━━ Information shown ━━

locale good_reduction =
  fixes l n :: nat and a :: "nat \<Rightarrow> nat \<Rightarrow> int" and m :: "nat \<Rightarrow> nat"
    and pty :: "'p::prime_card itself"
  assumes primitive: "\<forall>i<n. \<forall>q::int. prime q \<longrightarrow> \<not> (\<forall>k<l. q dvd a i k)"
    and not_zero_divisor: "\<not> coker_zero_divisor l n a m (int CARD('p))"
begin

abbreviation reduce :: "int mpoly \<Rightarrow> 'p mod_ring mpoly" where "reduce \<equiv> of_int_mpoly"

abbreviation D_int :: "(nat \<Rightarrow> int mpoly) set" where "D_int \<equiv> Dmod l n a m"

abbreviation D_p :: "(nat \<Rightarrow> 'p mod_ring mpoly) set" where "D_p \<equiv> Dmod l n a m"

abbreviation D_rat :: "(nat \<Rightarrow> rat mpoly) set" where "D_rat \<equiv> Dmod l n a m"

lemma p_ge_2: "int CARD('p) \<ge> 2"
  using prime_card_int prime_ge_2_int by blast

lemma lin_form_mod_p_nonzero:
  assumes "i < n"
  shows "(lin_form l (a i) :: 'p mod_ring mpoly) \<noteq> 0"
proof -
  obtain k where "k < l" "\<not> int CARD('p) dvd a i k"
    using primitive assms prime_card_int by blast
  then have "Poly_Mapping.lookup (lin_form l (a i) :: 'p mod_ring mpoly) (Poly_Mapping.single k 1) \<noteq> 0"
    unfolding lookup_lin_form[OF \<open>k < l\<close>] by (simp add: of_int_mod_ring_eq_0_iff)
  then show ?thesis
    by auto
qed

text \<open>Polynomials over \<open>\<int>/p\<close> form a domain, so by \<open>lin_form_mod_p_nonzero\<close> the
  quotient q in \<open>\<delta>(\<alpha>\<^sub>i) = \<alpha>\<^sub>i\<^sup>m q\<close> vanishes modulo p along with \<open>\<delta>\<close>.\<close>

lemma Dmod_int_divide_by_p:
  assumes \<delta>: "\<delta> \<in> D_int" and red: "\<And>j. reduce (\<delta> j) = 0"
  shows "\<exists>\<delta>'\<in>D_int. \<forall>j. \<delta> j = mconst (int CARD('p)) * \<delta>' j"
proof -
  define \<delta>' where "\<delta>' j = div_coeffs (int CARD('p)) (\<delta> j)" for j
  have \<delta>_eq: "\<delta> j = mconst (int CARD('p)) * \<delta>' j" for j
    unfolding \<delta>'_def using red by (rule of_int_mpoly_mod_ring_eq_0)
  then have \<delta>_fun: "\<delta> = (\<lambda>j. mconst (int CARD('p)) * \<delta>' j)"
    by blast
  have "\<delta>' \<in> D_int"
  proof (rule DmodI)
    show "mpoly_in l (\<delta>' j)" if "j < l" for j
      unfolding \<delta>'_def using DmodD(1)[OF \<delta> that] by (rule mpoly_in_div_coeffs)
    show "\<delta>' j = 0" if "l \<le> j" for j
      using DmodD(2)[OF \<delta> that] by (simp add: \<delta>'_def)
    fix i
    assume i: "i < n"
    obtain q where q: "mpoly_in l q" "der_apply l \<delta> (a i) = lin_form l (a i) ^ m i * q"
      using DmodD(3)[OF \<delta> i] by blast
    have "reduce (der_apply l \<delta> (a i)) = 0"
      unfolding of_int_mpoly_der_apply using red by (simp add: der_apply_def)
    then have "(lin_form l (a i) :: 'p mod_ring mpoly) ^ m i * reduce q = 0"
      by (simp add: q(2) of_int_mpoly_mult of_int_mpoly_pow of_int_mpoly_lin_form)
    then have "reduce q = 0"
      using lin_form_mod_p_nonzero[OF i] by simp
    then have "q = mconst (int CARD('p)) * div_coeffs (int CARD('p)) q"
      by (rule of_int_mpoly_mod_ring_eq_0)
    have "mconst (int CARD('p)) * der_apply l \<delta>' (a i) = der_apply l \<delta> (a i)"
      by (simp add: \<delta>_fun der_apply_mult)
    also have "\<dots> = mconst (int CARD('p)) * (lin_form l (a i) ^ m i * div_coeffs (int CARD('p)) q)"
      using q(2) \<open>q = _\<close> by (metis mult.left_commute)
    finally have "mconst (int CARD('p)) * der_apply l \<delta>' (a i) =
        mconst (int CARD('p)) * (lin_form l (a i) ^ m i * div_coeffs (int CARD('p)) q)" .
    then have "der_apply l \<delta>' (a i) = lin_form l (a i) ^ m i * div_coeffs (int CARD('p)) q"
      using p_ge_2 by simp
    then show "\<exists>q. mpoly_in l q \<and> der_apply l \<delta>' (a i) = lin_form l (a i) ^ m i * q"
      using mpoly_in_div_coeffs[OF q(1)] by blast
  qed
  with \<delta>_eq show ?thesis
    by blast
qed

━━━
━━ Information shown ━━

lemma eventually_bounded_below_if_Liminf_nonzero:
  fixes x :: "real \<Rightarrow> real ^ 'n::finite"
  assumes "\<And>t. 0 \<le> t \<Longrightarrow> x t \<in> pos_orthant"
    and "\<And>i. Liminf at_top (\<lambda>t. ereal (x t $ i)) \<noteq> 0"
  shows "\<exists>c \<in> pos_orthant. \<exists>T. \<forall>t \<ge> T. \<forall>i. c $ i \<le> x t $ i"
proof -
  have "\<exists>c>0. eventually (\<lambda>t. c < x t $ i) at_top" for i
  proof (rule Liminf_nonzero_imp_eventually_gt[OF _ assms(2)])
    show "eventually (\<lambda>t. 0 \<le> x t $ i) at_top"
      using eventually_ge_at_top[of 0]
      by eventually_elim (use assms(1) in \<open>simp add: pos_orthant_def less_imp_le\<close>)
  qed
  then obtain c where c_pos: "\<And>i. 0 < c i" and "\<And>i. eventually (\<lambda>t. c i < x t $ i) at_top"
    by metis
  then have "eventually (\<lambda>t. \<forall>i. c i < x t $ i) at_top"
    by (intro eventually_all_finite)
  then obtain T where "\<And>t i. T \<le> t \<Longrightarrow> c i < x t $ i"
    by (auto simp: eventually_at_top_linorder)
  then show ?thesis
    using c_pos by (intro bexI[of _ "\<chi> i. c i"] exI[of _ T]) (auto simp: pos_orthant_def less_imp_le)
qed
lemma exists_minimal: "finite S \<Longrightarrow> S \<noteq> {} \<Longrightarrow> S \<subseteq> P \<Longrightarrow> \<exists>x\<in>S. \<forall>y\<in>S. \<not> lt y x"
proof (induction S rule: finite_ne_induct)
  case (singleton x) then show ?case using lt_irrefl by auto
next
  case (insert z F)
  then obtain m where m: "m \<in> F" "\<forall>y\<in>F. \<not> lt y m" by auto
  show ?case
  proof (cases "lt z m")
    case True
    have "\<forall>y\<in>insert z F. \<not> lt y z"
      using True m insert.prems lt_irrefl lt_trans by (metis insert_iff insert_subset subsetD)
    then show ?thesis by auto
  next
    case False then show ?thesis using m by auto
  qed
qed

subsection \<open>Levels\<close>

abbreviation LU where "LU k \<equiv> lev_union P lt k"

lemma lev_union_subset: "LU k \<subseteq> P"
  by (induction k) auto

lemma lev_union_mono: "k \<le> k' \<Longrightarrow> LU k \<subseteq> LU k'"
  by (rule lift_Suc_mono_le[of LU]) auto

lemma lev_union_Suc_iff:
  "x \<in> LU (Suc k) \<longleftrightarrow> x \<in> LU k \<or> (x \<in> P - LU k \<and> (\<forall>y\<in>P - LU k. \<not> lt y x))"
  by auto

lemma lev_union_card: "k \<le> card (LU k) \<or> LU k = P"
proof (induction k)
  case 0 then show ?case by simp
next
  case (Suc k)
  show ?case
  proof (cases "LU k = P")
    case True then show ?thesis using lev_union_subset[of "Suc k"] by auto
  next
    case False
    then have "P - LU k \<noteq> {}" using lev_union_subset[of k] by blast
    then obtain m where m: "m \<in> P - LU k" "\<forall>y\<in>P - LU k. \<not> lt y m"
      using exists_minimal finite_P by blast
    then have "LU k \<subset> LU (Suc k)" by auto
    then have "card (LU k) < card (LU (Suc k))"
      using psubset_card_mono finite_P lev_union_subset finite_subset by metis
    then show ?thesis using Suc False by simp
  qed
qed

━━━
━━ Information shown ━━

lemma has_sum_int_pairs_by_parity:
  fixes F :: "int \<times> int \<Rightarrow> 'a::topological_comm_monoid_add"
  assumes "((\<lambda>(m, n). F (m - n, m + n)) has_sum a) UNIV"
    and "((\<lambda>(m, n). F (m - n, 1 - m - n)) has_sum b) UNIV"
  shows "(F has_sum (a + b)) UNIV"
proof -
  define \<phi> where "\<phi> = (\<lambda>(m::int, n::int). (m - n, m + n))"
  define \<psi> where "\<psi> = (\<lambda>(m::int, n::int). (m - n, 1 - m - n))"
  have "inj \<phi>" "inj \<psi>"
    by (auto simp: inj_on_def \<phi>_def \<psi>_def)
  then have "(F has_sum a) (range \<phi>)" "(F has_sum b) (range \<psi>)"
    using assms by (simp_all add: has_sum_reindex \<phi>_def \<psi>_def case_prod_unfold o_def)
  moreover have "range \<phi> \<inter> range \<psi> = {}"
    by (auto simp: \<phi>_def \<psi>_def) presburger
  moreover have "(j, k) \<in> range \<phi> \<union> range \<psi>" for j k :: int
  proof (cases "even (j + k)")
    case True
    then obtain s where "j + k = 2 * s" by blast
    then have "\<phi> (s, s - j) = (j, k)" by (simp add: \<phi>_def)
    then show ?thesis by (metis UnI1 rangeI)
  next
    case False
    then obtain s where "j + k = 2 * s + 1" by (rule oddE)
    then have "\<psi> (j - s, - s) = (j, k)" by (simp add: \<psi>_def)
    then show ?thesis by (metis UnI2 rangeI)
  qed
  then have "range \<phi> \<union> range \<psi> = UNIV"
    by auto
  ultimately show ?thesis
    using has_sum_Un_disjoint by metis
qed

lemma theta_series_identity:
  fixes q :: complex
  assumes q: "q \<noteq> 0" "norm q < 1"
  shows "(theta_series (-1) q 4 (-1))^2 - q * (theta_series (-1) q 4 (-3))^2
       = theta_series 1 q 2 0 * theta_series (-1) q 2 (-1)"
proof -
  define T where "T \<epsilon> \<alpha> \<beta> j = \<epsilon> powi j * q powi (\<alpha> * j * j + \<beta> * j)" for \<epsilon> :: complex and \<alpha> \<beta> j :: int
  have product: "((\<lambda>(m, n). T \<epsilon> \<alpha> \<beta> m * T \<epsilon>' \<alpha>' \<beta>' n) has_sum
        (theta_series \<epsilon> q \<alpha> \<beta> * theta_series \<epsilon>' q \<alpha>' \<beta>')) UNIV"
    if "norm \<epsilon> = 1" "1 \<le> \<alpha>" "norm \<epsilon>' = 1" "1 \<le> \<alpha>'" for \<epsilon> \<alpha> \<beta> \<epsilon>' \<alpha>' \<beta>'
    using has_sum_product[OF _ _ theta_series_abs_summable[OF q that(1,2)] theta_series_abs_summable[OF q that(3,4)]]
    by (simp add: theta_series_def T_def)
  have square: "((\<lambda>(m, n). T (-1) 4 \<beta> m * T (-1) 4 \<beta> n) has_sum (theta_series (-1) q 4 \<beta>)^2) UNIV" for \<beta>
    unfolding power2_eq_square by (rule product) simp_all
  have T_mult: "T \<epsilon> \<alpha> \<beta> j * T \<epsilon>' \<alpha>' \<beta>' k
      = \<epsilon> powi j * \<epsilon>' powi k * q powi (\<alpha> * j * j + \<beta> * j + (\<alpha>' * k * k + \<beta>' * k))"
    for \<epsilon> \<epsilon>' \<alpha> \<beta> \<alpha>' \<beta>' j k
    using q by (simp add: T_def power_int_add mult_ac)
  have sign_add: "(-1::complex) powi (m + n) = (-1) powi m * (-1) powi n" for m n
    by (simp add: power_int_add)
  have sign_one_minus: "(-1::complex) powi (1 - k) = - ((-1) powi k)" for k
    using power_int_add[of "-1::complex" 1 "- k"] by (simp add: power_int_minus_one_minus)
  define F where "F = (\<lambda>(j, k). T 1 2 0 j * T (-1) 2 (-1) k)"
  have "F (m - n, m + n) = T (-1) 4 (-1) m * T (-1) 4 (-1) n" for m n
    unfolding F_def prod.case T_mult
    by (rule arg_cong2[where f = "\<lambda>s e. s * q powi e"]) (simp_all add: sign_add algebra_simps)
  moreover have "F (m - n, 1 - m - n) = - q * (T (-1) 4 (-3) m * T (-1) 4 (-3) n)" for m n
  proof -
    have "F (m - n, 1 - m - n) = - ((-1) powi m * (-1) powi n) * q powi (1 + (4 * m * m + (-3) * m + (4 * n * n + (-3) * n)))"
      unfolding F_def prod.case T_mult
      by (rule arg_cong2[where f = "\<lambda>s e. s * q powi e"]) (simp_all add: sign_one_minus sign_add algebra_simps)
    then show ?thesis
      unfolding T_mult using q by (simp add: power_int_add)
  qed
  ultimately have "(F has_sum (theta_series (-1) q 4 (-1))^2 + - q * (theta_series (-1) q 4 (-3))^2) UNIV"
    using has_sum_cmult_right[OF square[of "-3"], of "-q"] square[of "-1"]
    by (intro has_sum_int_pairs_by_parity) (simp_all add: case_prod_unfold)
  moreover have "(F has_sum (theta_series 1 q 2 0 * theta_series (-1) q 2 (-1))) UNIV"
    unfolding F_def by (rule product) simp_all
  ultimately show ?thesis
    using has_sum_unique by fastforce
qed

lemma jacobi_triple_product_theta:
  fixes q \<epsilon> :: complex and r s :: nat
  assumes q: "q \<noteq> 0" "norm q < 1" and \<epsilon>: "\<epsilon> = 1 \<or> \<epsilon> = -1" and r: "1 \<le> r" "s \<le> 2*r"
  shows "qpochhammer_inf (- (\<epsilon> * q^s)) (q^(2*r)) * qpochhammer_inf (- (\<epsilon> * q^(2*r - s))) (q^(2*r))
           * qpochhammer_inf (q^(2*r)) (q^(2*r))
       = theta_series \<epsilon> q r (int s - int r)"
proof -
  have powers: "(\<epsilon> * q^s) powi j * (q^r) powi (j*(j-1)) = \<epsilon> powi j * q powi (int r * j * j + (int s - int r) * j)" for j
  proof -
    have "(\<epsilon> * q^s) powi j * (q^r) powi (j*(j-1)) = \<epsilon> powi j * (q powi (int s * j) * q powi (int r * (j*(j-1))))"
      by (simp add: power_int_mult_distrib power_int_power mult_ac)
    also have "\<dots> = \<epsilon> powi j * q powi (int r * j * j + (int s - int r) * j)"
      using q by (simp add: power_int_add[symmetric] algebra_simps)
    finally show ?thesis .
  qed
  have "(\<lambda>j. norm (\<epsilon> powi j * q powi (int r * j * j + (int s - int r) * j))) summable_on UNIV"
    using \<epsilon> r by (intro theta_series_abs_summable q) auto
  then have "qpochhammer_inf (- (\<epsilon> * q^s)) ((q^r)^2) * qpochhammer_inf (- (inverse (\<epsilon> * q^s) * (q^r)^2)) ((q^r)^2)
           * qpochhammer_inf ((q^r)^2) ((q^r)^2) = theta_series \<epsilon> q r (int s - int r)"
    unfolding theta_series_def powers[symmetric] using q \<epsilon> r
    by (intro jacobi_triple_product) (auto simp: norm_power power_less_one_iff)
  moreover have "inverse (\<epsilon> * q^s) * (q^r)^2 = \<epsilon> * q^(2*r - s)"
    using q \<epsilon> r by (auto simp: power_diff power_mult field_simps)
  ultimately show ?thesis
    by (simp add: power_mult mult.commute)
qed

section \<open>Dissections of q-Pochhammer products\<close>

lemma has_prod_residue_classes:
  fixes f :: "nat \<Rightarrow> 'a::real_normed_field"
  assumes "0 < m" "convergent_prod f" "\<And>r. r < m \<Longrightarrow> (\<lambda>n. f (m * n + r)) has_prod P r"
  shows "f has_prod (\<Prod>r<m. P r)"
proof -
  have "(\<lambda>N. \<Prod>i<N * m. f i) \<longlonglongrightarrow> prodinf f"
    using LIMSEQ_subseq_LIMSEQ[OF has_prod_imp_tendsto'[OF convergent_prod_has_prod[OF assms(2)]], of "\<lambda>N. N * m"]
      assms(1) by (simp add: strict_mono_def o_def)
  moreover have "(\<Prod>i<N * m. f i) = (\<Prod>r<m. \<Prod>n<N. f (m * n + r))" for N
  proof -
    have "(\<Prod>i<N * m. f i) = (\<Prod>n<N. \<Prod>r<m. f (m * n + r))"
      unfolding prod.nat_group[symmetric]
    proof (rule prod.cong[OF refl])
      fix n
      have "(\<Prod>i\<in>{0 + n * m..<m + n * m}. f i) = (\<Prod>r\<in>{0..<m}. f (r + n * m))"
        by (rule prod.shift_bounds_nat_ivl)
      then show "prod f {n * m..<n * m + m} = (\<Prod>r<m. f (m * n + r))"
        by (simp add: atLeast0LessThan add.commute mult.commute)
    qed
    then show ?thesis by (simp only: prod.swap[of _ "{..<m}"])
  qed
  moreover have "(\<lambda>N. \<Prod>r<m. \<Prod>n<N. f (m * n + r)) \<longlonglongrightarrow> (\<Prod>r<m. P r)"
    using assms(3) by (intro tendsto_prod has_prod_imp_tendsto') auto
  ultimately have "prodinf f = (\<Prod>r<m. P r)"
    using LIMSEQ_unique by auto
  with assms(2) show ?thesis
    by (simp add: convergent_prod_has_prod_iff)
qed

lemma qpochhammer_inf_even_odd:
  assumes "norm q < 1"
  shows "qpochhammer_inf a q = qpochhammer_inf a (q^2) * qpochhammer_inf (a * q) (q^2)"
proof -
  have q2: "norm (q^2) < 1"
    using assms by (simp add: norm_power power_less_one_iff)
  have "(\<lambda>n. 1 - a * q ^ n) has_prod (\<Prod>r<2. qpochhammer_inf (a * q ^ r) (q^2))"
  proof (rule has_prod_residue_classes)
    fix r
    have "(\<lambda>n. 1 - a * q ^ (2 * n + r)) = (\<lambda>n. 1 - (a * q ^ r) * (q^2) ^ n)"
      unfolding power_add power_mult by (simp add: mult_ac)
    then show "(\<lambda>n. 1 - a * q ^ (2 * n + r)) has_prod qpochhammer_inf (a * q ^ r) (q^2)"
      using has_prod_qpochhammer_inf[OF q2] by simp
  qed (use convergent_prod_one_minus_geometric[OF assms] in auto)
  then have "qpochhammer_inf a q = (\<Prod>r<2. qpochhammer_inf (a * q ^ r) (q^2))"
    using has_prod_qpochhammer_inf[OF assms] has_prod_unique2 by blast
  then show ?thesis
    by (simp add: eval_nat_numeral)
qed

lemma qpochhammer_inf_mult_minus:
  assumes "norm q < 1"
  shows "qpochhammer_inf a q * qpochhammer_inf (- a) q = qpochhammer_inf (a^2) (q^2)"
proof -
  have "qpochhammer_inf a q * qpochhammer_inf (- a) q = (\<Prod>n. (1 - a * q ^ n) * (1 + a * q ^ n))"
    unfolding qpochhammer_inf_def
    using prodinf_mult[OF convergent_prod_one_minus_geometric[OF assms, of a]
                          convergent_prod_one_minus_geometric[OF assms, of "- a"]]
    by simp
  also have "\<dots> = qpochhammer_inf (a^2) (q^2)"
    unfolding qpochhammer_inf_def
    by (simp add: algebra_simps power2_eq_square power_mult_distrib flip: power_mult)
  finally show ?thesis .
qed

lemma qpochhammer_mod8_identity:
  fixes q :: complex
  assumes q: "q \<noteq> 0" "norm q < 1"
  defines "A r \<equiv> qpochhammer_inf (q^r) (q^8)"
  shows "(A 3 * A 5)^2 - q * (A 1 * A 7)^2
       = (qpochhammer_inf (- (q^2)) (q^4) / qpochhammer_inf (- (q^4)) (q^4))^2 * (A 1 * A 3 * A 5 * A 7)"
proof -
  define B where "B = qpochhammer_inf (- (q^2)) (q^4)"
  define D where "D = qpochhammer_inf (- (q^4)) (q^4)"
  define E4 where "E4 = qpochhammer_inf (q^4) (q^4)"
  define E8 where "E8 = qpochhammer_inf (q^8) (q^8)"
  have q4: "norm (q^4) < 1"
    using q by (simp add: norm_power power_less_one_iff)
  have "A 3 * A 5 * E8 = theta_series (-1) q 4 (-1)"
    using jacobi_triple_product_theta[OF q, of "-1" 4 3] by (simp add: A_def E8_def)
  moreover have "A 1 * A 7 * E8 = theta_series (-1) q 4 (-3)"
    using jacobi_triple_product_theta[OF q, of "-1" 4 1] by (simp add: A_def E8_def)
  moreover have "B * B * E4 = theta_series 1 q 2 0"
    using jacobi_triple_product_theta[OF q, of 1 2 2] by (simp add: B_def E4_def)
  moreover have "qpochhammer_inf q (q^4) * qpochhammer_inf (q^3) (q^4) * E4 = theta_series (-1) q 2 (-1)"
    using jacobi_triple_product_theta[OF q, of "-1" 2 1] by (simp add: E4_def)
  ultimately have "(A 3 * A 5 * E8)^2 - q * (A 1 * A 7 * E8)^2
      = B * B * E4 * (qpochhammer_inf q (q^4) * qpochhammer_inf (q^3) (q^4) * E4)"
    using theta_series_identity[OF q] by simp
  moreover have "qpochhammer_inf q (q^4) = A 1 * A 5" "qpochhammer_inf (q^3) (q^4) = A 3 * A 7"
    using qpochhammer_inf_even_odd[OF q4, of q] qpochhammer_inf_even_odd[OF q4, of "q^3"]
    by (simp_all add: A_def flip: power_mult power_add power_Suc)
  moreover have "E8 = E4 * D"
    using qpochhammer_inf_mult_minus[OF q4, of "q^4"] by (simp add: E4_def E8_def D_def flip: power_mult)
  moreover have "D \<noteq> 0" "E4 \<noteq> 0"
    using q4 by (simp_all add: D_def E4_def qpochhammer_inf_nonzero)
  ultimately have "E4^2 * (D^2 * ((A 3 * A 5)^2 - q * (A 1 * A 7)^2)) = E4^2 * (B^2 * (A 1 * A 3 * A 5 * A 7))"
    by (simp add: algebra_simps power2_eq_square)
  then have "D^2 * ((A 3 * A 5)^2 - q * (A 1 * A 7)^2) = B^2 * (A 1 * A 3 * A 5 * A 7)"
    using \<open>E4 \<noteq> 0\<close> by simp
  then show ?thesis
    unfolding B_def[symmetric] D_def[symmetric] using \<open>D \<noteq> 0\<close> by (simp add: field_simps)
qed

━━━

**Aim of the exercise:**
Only those lines of the entries above that run from the line containing "5 * E8 = theta_series" to the line containing "using jacobi_triple_product_theta[OF q, of 1", both included, should be transcribed exactly.

**Solution for this problem:**
  have "A 3 * A 5 * E8 = theta_series (-1) q 4 (-1)"
    using jacobi_triple_product_theta[OF q, of "-1" 4 3] by (simp add: A_def E8_def)
  moreover have "A 1 * A 7 * E8 = theta_series (-1) q 4 (-3)"
    using jacobi_triple_product_theta[OF q, of "-1" 4 1] by (simp add: A_def E8_def)
  moreover have "B * B * E4 = theta_series 1 q 2 0"
    using jacobi_triple_product_theta[OF q, of 1 2 2] by (simp add: B_def E4_def)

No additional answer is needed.